Let’s design a macho file parsing utility. The input will be a file name. The utility should open that file and then parse the macho. Consider that a macho may be a fat binary with multiple architecture machos. We should parse the header, load commands, and all data segments. We should get the size and name of each element. The output should be in json format. One of the use cases for this utility is to parse out features that can be used for machine learning purposes. The utility should be written in swift. For this research, output a set of well defined requirements that will be fed into a reasoning model for implementation
Deep Research asks some follow-ups to help scope its work. After it performed its searches, it returned the following requirements. I’m only including the requirement titles for brevity. For each requirement it provided roughly a paragraph of what should be done. Functional Requirements
- Input Handling
- Mach-O Format Support
- Mach-O Header Parsing
- Load Command Parsing
- Segment and Section Parsing
- Metadata Extraction
- JSON Output
- Graceful Error Handling
- Current macOS Focus Non-Functional Requirements
- Performance
- Resource Usage
- Reliability and Stability
- Maintainability
- Usability
- Output Clarity
- Platform Compatibility Optional Features
- Raw Data Extraction Mode
- Recursive Bundle Parsing
- Verbose Logging/Debug Mode
- Extensibility for Other Binary Formats
Coding
With those requirements made, I continued the chat with:
Next lets get started with setting up the project. I’ve created a new project in XCode.

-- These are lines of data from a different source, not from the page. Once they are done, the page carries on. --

lemma submodule_M_contains_basis_vec:
  assumes V: "submodule \<Gamma> (cM \<mu>) V" and f: "f \<in> V" "f \<noteq> (\<lambda>_. 0)" "f (- \<mu>) = 0"
    and \<gamma>: "\<gamma> \<in> \<Gamma>" "\<gamma> \<noteq> - \<mu>"
  shows "basis_vec \<gamma> \<in> V"
proof -
  obtain \<beta> where "\<beta> \<in> \<Gamma>" "\<beta> \<noteq> - \<mu>" "basis_vec \<beta> \<in> V"
    using submodule_M_isolates_basis_vec[OF V f] by blast
  thus ?thesis using submodule_M_spreads_basis_vec[OF V _ _ \<gamma>] by blast
qed

lemma submodule_M_avoiding:
  "submodule \<Gamma> (cM \<mu>) (span_of \<Gamma> (\<Gamma> - {- \<mu>}))"
proof (rule submoduleI)
  fix \<alpha> d f assume gen: "(\<alpha>, d) \<in> gens \<Gamma>" and f: "f \<in> span_of \<Gamma> (\<Gamma> - {- \<mu>})"
  have "act (cM \<mu>) \<alpha> d f \<in> modspace \<Gamma>"
    using modspace_act[OF subgroup] gen f by (simp add: gens_iff span_of_iff)
  moreover have "act (cM \<mu>) \<alpha> d f (- \<mu>) = 0"
    using gen by (simp add: gens_iff act_cM_kernel)
  ultimately show "act (cM \<mu>) \<alpha> d f \<in> span_of \<Gamma> (\<Gamma> - {- \<mu>})"
    using modspace_vanishes_outside by (auto simp: span_of_iff)
qed (auto simp: span_of_iff modspace_zero modspace_add modspace_scale)

lemma irreducible_sub_M_avoiding:
  "irreducible_sub \<Gamma> (cM \<mu>) (span_of \<Gamma> (\<Gamma> - {- \<mu>}))"
  unfolding irreducible_sub_def
proof (intro conjI allI impI submodule_M_avoiding)
  obtain \<epsilon> where "\<epsilon> \<in> \<Gamma>" "\<epsilon> \<noteq> - \<mu>" by (rule exists_other_element)
  hence "basis_vec \<epsilon> \<in> span_of \<Gamma> (\<Gamma> - {- \<mu>})" by (intro basis_vec_in_span_of) auto
  thus "span_of \<Gamma> (\<Gamma> - {- \<mu>}) \<noteq> {\<lambda>_. 0}" using basis_vec_nonzero by force
next
  fix U assume U: "submodule \<Gamma> (cM \<mu>) U \<and> U \<subseteq> span_of \<Gamma> (\<Gamma> - {- \<mu>})"
  show "U = {\<lambda>_. 0} \<or> U = span_of \<Gamma> (\<Gamma> - {- \<mu>})"
  proof (cases "U = {\<lambda>_. 0}")
    case False
    then obtain f where f: "f \<in> U" "f \<noteq> (\<lambda>_. 0)" using submodule_nonzero_elem U by blast
    have "f \<in> span_of \<Gamma> (\<Gamma> - {- \<mu>})" using f(1) U by blast
    hence "f (- \<mu>) = 0" by (simp add: span_of_iff)
    have "span_of \<Gamma> (\<Gamma> - {- \<mu>}) \<subseteq> U"
    proof (rule span_of_subset_submodule)
      show "submodule \<Gamma> (cM \<mu>) U" using U ..
      show "basis_vec \<beta> \<in> U" if "\<beta> \<in> \<Gamma> - {- \<mu>}" for \<beta>
        using submodule_M_contains_basis_vec[OF _ f \<open>f (- \<mu>) = 0\<close>] U that by blast
    qed
    thus ?thesis using U by blast
  qed simp
qed

lemma M_irreducible:
  assumes "\<mu> \<notin> \<Gamma>"
  shows "irreducible_mod \<Gamma> (cM \<mu>)"
proof -
  have "- \<mu> \<notin> \<Gamma>" using assms add_subgroup_neg[OF subgroup, of "- \<mu>"] by auto
  hence "span_of \<Gamma> (\<Gamma> - {- \<mu>}) = modspace \<Gamma>" by (intro span_of_superset) blast
  thus ?thesis using irreducible_sub_M_avoiding[of \<mu>] unfolding irreducible_mod_def by simp
qed

lemma M_decomposes:
  assumes "\<mu> \<in> \<Gamma>"
  shows "irreducible_sub \<Gamma> (cM \<mu>) (span_of \<Gamma> (\<Gamma> - {- \<mu>}))"
    and "irreducible_sub \<Gamma> (cM \<mu>) (span_of \<Gamma> {- \<mu>})"
    and "span_of \<Gamma> (\<Gamma> - {- \<mu>}) \<inter> span_of \<Gamma> {- \<mu>} = {\<lambda>_. 0}"
    and "modspace \<Gamma> = {h. \<exists>f\<in>span_of \<Gamma> (\<Gamma> - {- \<mu>}). \<exists>g\<in>span_of \<Gamma> {- \<mu>}. h = (\<lambda>b. f b + g b)}"
proof -
  have "- \<mu> \<in> \<Gamma>" using add_subgroup_neg[OF subgroup assms] .
  show "irreducible_sub \<Gamma> (cM \<mu>) (span_of \<Gamma> (\<Gamma> - {- \<mu>}))" by (rule irreducible_sub_M_avoiding)
  show "irreducible_sub \<Gamma> (cM \<mu>) (span_of \<Gamma> {- \<mu>})"
    by (intro irreducible_sub_span_of_singleton submodule_span_of_singleton \<open>- \<mu> \<in> \<Gamma>\<close>)
      (simp add: cM_def)
  show "span_of \<Gamma> (\<Gamma> - {- \<mu>}) \<inter> span_of \<Gamma> {- \<mu>} = {\<lambda>_. 0}"
    and "modspace \<Gamma> = {h. \<exists>f\<in>span_of \<Gamma> (\<Gamma> - {- \<mu>}). \<exists>g\<in>span_of \<Gamma> {- \<mu>}. h = (\<lambda>b. f b + g b)}"
    using span_of_direct_sum[OF \<open>- \<mu> \<in> \<Gamma>\<close>] by simp_all
qed

lemma A_submodule_contains_avoiding:
  assumes "\<eta> \<noteq> 0" and U: "submodule \<Gamma> (cA \<zeta> \<eta>) U" "U \<noteq> {\<lambda>_. 0}"
  shows "span_of \<Gamma> (\<Gamma> - {- \<zeta>}) \<subseteq> U"
proof -
  let ?N = "span_of \<Gamma> (\<Gamma> - {- \<zeta>})"
  have irr: "irreducible_sub \<Gamma> (cA \<zeta> \<eta>) ?N"
    using irreducible_sub_M_avoiding irreducible_sub_cA_iff_cM by blast
  hence "submodule \<Gamma> (cA \<zeta> \<eta>) (U \<inter> ?N)"
    using submodule_inter[OF U(1)] unfolding irreducible_sub_def by blast
  moreover have "\<exists>w\<in>U \<inter> ?N. w \<noteq> (\<lambda>_. 0)"
  proof -
    obtain u where u: "u \<in> U" "u \<noteq> (\<lambda>_. 0)" using submodule_nonzero_elem U by blast
    have u_mod: "u \<in> modspace \<Gamma>" using u(1) submodule_subset[OF U(1)] by blast
    show ?thesis
    proof (cases "u (- \<zeta>) = 0")
      case True
      thus ?thesis using u span_of_removeI[OF u_mod] by blast
    next
      case False
      \<comment> \<open>No basis vector is moved onto \<open>v\<^bsub>-\<zeta>\<^esub>\<close>, while \<open>v\<^bsub>-\<zeta>\<^esub>\<close> goes to \<open>\<eta>(\<partial>) v\<^bsub>\<alpha>-\<zeta>\<^esub>\<close>.\<close>
      obtain \<alpha> d where gen: "(\<alpha>, d) \<in> gens \<Gamma>" and "pair \<eta> d \<noteq> 0"
        using gens_detect_nonzero[OF \<open>\<eta> \<noteq> 0\<close>] by blast
      define w where "w = act (cA \<zeta> \<eta>) \<alpha> d u"
      have "w \<in> U" unfolding w_def using submodule_act[OF U(1) gen u(1)] .
      have "w \<in> modspace \<Gamma>" using \<open>w \<in> U\<close> submodule_subset[OF U(1)] by blast
      moreover have "w (- \<zeta>) = 0"
      proof -
        have "- \<zeta> - \<alpha> \<noteq> - \<zeta>" "- \<zeta> - \<alpha> + \<zeta> = - \<alpha>" using gen by (auto simp: gens_iff)
        thus ?thesis using gen by (simp add: w_def act_def cA_def gens_iff pair_minus_left)
      qed
      ultimately have "w \<in> U \<inter> ?N" using \<open>w \<in> U\<close> span_of_removeI by blast
      moreover have "w (\<alpha> - \<zeta>) = pair \<eta> d * u (- \<zeta>)" by (simp add: w_def act_def cA_def)
      hence "w \<noteq> (\<lambda>_. 0)" using \<open>pair \<eta> d \<noteq> 0\<close> False by auto
      ultimately show ?thesis by blast
    qed
  qed
  hence "U \<inter> ?N \<noteq> {\<lambda>_. 0}" by blast
  ultimately have "U \<inter> ?N = ?N" using irr unfolding irreducible_sub_def by blast
  thus ?thesis by blast
qed

lemma A_structure:
  assumes "\<zeta> \<in> \<Gamma>" "\<eta> \<noteq> 0"
  shows "indecomposable_mod \<Gamma> (cA \<zeta> \<eta>)" "reducible_mod \<Gamma> (cA \<zeta> \<eta>)"
    and "irreducible_sub \<Gamma> (cA \<zeta> \<eta>) (span_of \<Gamma> (\<Gamma> - {- \<zeta>}))"
proof -
  let ?N = "span_of \<Gamma> (\<Gamma> - {- \<zeta>})"
  show irr: "irreducible_sub \<Gamma> (cA \<zeta> \<eta>) ?N"
    using irreducible_sub_M_avoiding irreducible_sub_cA_iff_cM by blast
  obtain \<epsilon> where "\<epsilon> \<in> \<Gamma>" "\<epsilon> \<noteq> - \<zeta>" by (rule exists_other_element)
  hence "basis_vec \<epsilon> \<in> ?N" by (intro basis_vec_in_span_of) auto
  show "indecomposable_mod \<Gamma> (cA \<zeta> \<eta>)"
  proof (rule indecomposable_modI)
    show "basis_vec \<epsilon> \<in> modspace \<Gamma>" using \<open>basis_vec \<epsilon> \<in> ?N\<close> by (simp add: span_of_iff)
    show "basis_vec \<epsilon> \<in> U" if "submodule \<Gamma> (cA \<zeta> \<eta>) U" "U \<noteq> {\<lambda>_. 0}" for U
      using A_submodule_contains_avoiding[OF assms(2) that] \<open>basis_vec \<epsilon> \<in> ?N\<close> by blast
  qed (rule basis_vec_nonzero)
  have "- \<zeta> \<in> \<Gamma>" using add_subgroup_neg[OF subgroup assms(1)] .
  hence "basis_vec (- \<zeta>) \<in> modspace \<Gamma> - ?N"
    using basis_vec_in_modspace by (auto simp: span_of_iff basis_vec_def)
  thus "reducible_mod \<Gamma> (cA \<zeta> \<eta>)"
    using irr unfolding reducible_mod_def irreducible_sub_def by blast
qed

lemma B_submodule_reaches_basis_vec:
  assumes U: "submodule \<Gamma> (cB \<zeta> \<eta>) U" and f: "f \<in> U" "f \<beta> \<noteq> 0" "\<beta> \<noteq> - \<zeta>"
    and \<gamma>: "\<gamma> \<in> \<Gamma>" "\<gamma> \<noteq> - \<zeta>"
  obtains h where "h \<in> U" "h(- \<zeta> := 0) = basis_vec \<gamma>"
proof -
  let ?V = "(\<lambda>h. h(- \<zeta> := 0)) ` U"
  have V: "submodule \<Gamma> (cM \<zeta>) ?V"
    by (rule submodule_fun_upd_zero_image[OF U]) (simp_all add: gens_iff cB_eq_cM cM_def)
  have nonzero: "f(- \<zeta> := 0) \<noteq> (\<lambda>_. 0)" using f(2,3) by (metis fun_upd_other)
  have "f(- \<zeta> := 0) \<in> ?V" using f(1) by (rule imageI)
  moreover have "(f(- \<zeta> := 0)) (- \<zeta>) = 0" by simp
  ultimately have "basis_vec \<gamma> \<in> ?V" by (rule submodule_M_contains_basis_vec[OF V _ nonzero _ \<gamma>])
  then obtain h where "h \<in> U" "basis_vec \<gamma> = h(- \<zeta> := 0)" by (rule imageE)
  thus ?thesis using that by simp
qed

lemma B_submodule_contains_trivial:
  assumes "\<zeta> \<in> \<Gamma>" "\<eta> \<noteq> 0" and U: "submodule \<Gamma> (cB \<zeta> \<eta>) U" "U \<noteq> {\<lambda>_. 0}"
  shows "basis_vec (- \<zeta>) \<in> U"
proof -
  obtain u where u: "u \<in> U" "u \<noteq> (\<lambda>_. 0)" using submodule_nonzero_elem U by blast
  show ?thesis
  proof (cases "\<exists>\<beta>. \<beta> \<noteq> - \<zeta> \<and> u \<beta> \<noteq> 0")
    case True
    then obtain \<beta> where \<beta>: "\<beta> \<noteq> - \<zeta>" "u \<beta> \<noteq> 0" by blast
    \<comment> \<open>\<open>x\<^sup>\<alpha>\<partial>\<close> sends \<open>v\<^bsub>-\<alpha>-\<zeta>\<^esub>\<close> to \<open>\<eta>(\<partial>) v\<^bsub>-\<zeta>\<^esub>\<close>.\<close>
    obtain \<alpha> d where gen: "(\<alpha>, d) \<in> gens \<Gamma>" and "pair \<eta> d \<noteq> 0"
      using gens_detect_nonzero[OF assms(2)] by blast
    have "\<alpha> \<in> \<Gamma>" "\<alpha> \<noteq> 0" using gen by (simp_all add: gens_iff)
    hence "- \<alpha> - \<zeta> \<in> \<Gamma>" "- \<alpha> - \<zeta> \<noteq> - \<zeta>"
      using add_subgroup_diff[OF subgroup _ assms(1)] add_subgroup_neg[OF subgroup] by auto
    then obtain h where h: "h \<in> U" "h(- \<zeta> := 0) = basis_vec (- \<alpha> - \<zeta>)"
      using B_submodule_reaches_basis_vec[OF U(1) u(1) \<beta>(2,1)] by blast
    have "act (cB \<zeta> \<eta>) \<alpha> d h = act (cB \<zeta> \<eta>) \<alpha> d (basis_vec (- \<alpha> - \<zeta>))"
      using act_fun_upd_zero[of "cB \<zeta> \<eta>", OF cB_at_minus_zeta[OF \<open>\<alpha> \<noteq> 0\<close>], where f = h] h(2) by simp
    also have "\<dots> = (\<lambda>\<gamma>. pair \<eta> d * basis_vec (- \<zeta>) \<gamma>)"
      by (simp add: act_basis_vec cB_def)
    finally have "(\<lambda>\<gamma>. pair \<eta> d * basis_vec (- \<zeta>) \<gamma>) \<in> U"
      using submodule_act[OF U(1) gen h(1)] by simp
    from submodule_scale[OF U(1) this, of "1 / pair \<eta> d"] show ?thesis
      using \<open>pair \<eta> d \<noteq> 0\<close> by simp
  next
    case False
    hence "u \<in> span_of \<Gamma> {- \<zeta>}"
      using u(1) submodule_subset[OF U(1)] by (auto simp: span_of_iff)
    hence u_eq: "u = (\<lambda>\<gamma>. u (- \<zeta>) * basis_vec (- \<zeta>) \<gamma>)" by (rule span_of_singleton_eq)
    hence "u (- \<zeta>) \<noteq> 0" using u(2) by auto
    hence "basis_vec (- \<zeta>) = (\<lambda>\<gamma>. (1 / u (- \<zeta>)) * u \<gamma>)" by (subst u_eq) (simp add: ext)
    thus ?thesis using submodule_scale[OF U(1) u(1)] by metis
  qed
qed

What files will we need to create?
ChatGPT listed out - main.swift, MachOParser.swift, HeaderParser.swift, LoadCommandParser.swift, SegmentSectionParser.swift, JSONOutputFormatter.swift, ErrorHandling.swift, Utilities.swift. I ended up cutting out ErrorHandling and Utilities.
The ChatGPT desktop app can “work with” other apps to gain context (read what’s currently open in the app) and to output (write to the app). It supports Xcode, so at this point I opened Xcode, created each file the model suggested, and asked it to implement the functionality that I thought should go in each one.
Once the initial implementation was made, I started to iteratively test and adjust the functionality. I’d build the tool, run it against some test files, then compare to the output to what I expected and against a Yara-X benchmark. I’d then ask the model to tweak some functionality, then repeat the testing.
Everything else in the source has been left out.